We have done this before, but not through desire of wandering. Instead, it happened through a time of trauma. Almost two decades ago, after Richard’s identity disappeared following a surgery for cancer, we wandered in southern California, then in Brittany in France, waiting for something to indicate where we might live next. While we ordered egg and sausage galettes at the market, or followed a crowd to an opera in someone’s living room, or hiked the Path of the Gods near the Amalfi Coast, we waited for a sign that we ought to be somewhere else. Let me correct, while I waited for a sign, because my partner is nearly always happy and present right where he is. Bastard.
During these months of wandering in my past, I learned how to be very, very quiet. I entertained family and friends who came to visit. I learned that some people really use travel as a form of staying drunk. And I discovered that going to other places wouldn’t protect me from making mistakes. I would navigate poorly, overspend on a hotel, lose my shit. (But I would never, ever have a bad meal, because I am the most intuitive finder of delicious food that I have ever known.)

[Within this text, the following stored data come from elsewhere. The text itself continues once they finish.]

lemma cM2_le_card_non_max_degree:
  assumes sg: "simple_graph V E" and ne: "V \<noteq> {}"
  shows "real_of_int (cM2 E)
    \<le> real (card V - card (max_deg_vertices V E)) * (39/100 * (real (card V) - 1)^3)"
proof -
  define \<Delta> where "\<Delta> = Max (degree E ` V)"
  define M where "M = max_deg_vertices V E"
  define C :: real where "C = 39/100 * (real (card V) - 1)^3"
  have finV: "finite V" using sg by (simp add: simple_graph_def)
  have deg_le: "degree E x \<le> \<Delta>" if "x \<in> V" for x
    unfolding \<Delta>_def using finV that by simp
  have "\<Delta> \<in> degree E ` V" unfolding \<Delta>_def using finV ne by simp
  then have "\<Delta> \<le> card V - 1" using degree_le_card[OF sg] by blast
  moreover have "card V \<ge> 1" using finV ne by (simp add: Suc_leI card_gt_0_iff)
  ultimately have \<Delta>_le: "real \<Delta> \<le> real (card V) - 1" by linarith
  have summand_le: "real (degree E x) * ((real \<Delta>)^2 - (real (degree E x))^2) \<le> (if x \<in> M then 0 else C)"
    if "x \<in> V" for x
  proof (cases "x \<in> M")
    case True
    then show ?thesis unfolding M_def max_deg_vertices_def \<Delta>_def by simp
  next
    case False
    have "real (degree E x) * ((real \<Delta>)^2 - (real (degree E x))^2)
        \<le> real (degree E x) * ((real (card V) - 1)^2 - (real (degree E x))^2)"
      using \<Delta>_le by (intro mult_left_mono) (simp_all add: power_mono)
    also have "\<dots> \<le> C"
      unfolding C_def using deg_le[OF that] \<Delta>_le by (intro mult_diff_squares_le_cube) simp_all
    finally show ?thesis using False by simp
  qed
  have "cM2 E \<le> (\<Sum>x\<in>V. int (degree E x) * ((int \<Delta>)^2 - (int (degree E x))^2))"
    using cM2_le_deficiency_sum[OF sg] deg_le by blast
  then have "real_of_int (cM2 E)
      \<le> real_of_int (\<Sum>x\<in>V. int (degree E x) * ((int \<Delta>)^2 - (int (degree E x))^2))"
    by (simp only: of_int_le_iff)
  also have "\<dots> = (\<Sum>x\<in>V. real (degree E x) * ((real \<Delta>)^2 - (real (degree E x))^2))"
    by simp
  also have "\<dots> \<le> (\<Sum>x\<in>V. if x \<in> M then 0 else C)"
    by (rule sum_mono) (rule summand_le)
  also have "\<dots> = real (card (V - M)) * C"
    by (simp add: sum.If_cases finV Diff_eq)
  also have "card (V - M) = card V - card M"
    unfolding M_def max_deg_vertices_def using finV by (intro card_Diff_subset) auto
  finally show ?thesis unfolding M_def C_def .
qed
(* (Sufficiency) Let $f(\underline{X})=\sum_{\ell=1}^{L}\prod_{i=1}^{n} f_i^{(\ell)}(X_i)$ with arbitrary real functions $f_i^{(\ell)}$. If for every $i\in[n]$ and $\ell\in[L]$ the encoding of source $i$ perfectly secures $f_i^{(\ell)}(X_i)$, i.e. $\mathbb{E}[f_i^{(\ell)}(X_i)\mid g_i(X_i,K_i)]=\mathbb{E}[f_i^{(\ell)}(X_i)]$ for every observed value, then $f(\underline{X})$ is perfectly secured, i.e. $\mathbb{E}[f(\underline{X})\mid g(\underline{X})]=\mathbb{E}[f(\underline{X})]$ for every observed value. (Necessity) Suppose either (1) $f(\underline{X})=\sum_{i=1}^n f_i(X_i)$, or (2) $f(\underline{X})=\prod_{i=1}^n f_i(X_i)$ with $\prod_{i=1}^n\mathbb{E}[f_i(X_i)]\cdot\mathrm{var}[f_i(X_i)]\neq 0$. Then for any encoding scheme under which the receiver computes $f(\underline{X})$ exactly and $f(\underline{X})$ is perfectly secured, each $f_i(X_i)$ is recoverable by the receiver from $g_i(X_i,K_i)$ and $K_i$, and each $f_i(X_i)$ is perfectly secured, i.e. $\mathbb{E}[f_i(X_i)\mid g_i(X_i,K_i)]=\mathbb{E}[f_i(X_i)]$ for every observed value.
   Context: Multi-source setting: $n$ sources; source $i$ produces $X_i$ from a finite alphabet $\mathcal{X}_i$, with $X_1,\dots,X_n$ mutually independent. Source $i$ shares a key $K_i$ uniform on $\{1,\dots,2^{k_i}\}$ with the receiver only; keys are independent of each other and of the sources. Source $i$ transmits $g_i(X_i,K_i)$, where for each key value the map $x\mapsto g_i(x,K_i)$ is such that the receiver (knowing all keys) can compute the desired function $f:\prod_i\mathcal{X}_i\to\mathbb{R}$ exactly. The eavesdropper observes $g(\underline{X})=(g_1(X_1,K_1),\dots,g_n(X_n,K_n))$ but no keys. Her distortion is $D_{ach}=\min_{\hat f}\mathbb{E}[(f(\underline{X})-\hat f(g(\underline{X})))^2]$ over all estimators $\hat f$, and $D_{max}=\mathrm{var}(f(\underline{X}))$. A real function $h$ of the sources is called perfectly secured if the eavesdropper's minimum mean squared error for estimating $h$ from her observation equals $\mathrm{var}(h)$, equivalently $\mathbb{E}[h\mid \text{observation}]=\mathbb{E}[h]$ for every observed value. *)

theory Defs
  imports "HOL-Probability.Probability"
begin

definition key_pmf :: "nat \<Rightarrow> nat pmf" where
  "key_pmf k = pmf_of_set {1..2^k}"

definition joint_pmf :: "nat \<Rightarrow> (nat \<Rightarrow> 'x pmf) \<Rightarrow> (nat \<Rightarrow> nat) \<Rightarrow> ((nat \<Rightarrow> 'x) \<times> (nat \<Rightarrow> nat)) pmf" where
  "joint_pmf n P kk = pair_pmf (Pi_pmf {..<n} undefined P) (Pi_pmf {..<n} 0 (\<lambda>i. key_pmf (kk i)))"

definition local_pmf :: "(nat \<Rightarrow> 'x pmf) \<Rightarrow> (nat \<Rightarrow> nat) \<Rightarrow> nat \<Rightarrow> ('x \<times> nat) pmf" where
  "local_pmf P kk i = pair_pmf (P i) (key_pmf (kk i))"

definition eve_obs :: "nat \<Rightarrow> (nat \<Rightarrow> 'x \<Rightarrow> nat \<Rightarrow> 'y) \<Rightarrow> (nat \<Rightarrow> 'x) \<times> (nat \<Rightarrow> nat) \<Rightarrow> (nat \<Rightarrow> 'y)" where
  "eve_obs n g \<omega> = restrict (\<lambda>i. g i (fst \<omega> i) (snd \<omega> i)) {..<n}"

definition perfectly_secured :: "'w pmf \<Rightarrow> ('w \<Rightarrow> 'o) \<Rightarrow> ('w \<Rightarrow> real) \<Rightarrow> bool" where
  "perfectly_secured M obs h \<longleftrightarrow>
     (\<forall>y \<in> obs ` set_pmf M.
        measure_pmf.expectation (cond_pmf M {\<omega>. obs \<omega> = y}) h = measure_pmf.expectation M h)"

I have been thinking that in letting go of all of this rootedness at once I might be making a disaster of my life. I was reflecting on my nearly lifelong preoccupation with being a fuck-up, when I came across Holly Whittaker saying this in a recent newsletter:
We forget the only way we find out what we do want is often enough found only through all that we don’t, or lives that we actually want to live come only after we’ve lived through the ones we didn’t, or that the will to choose rightly for ourselves only comes from information received from choosing wrongly, and sometimes that means choosing wrongly over and over and over again, and even making a disaster of your life, and even making a disaster of your life for longer than anyone is comfortable with. And so on.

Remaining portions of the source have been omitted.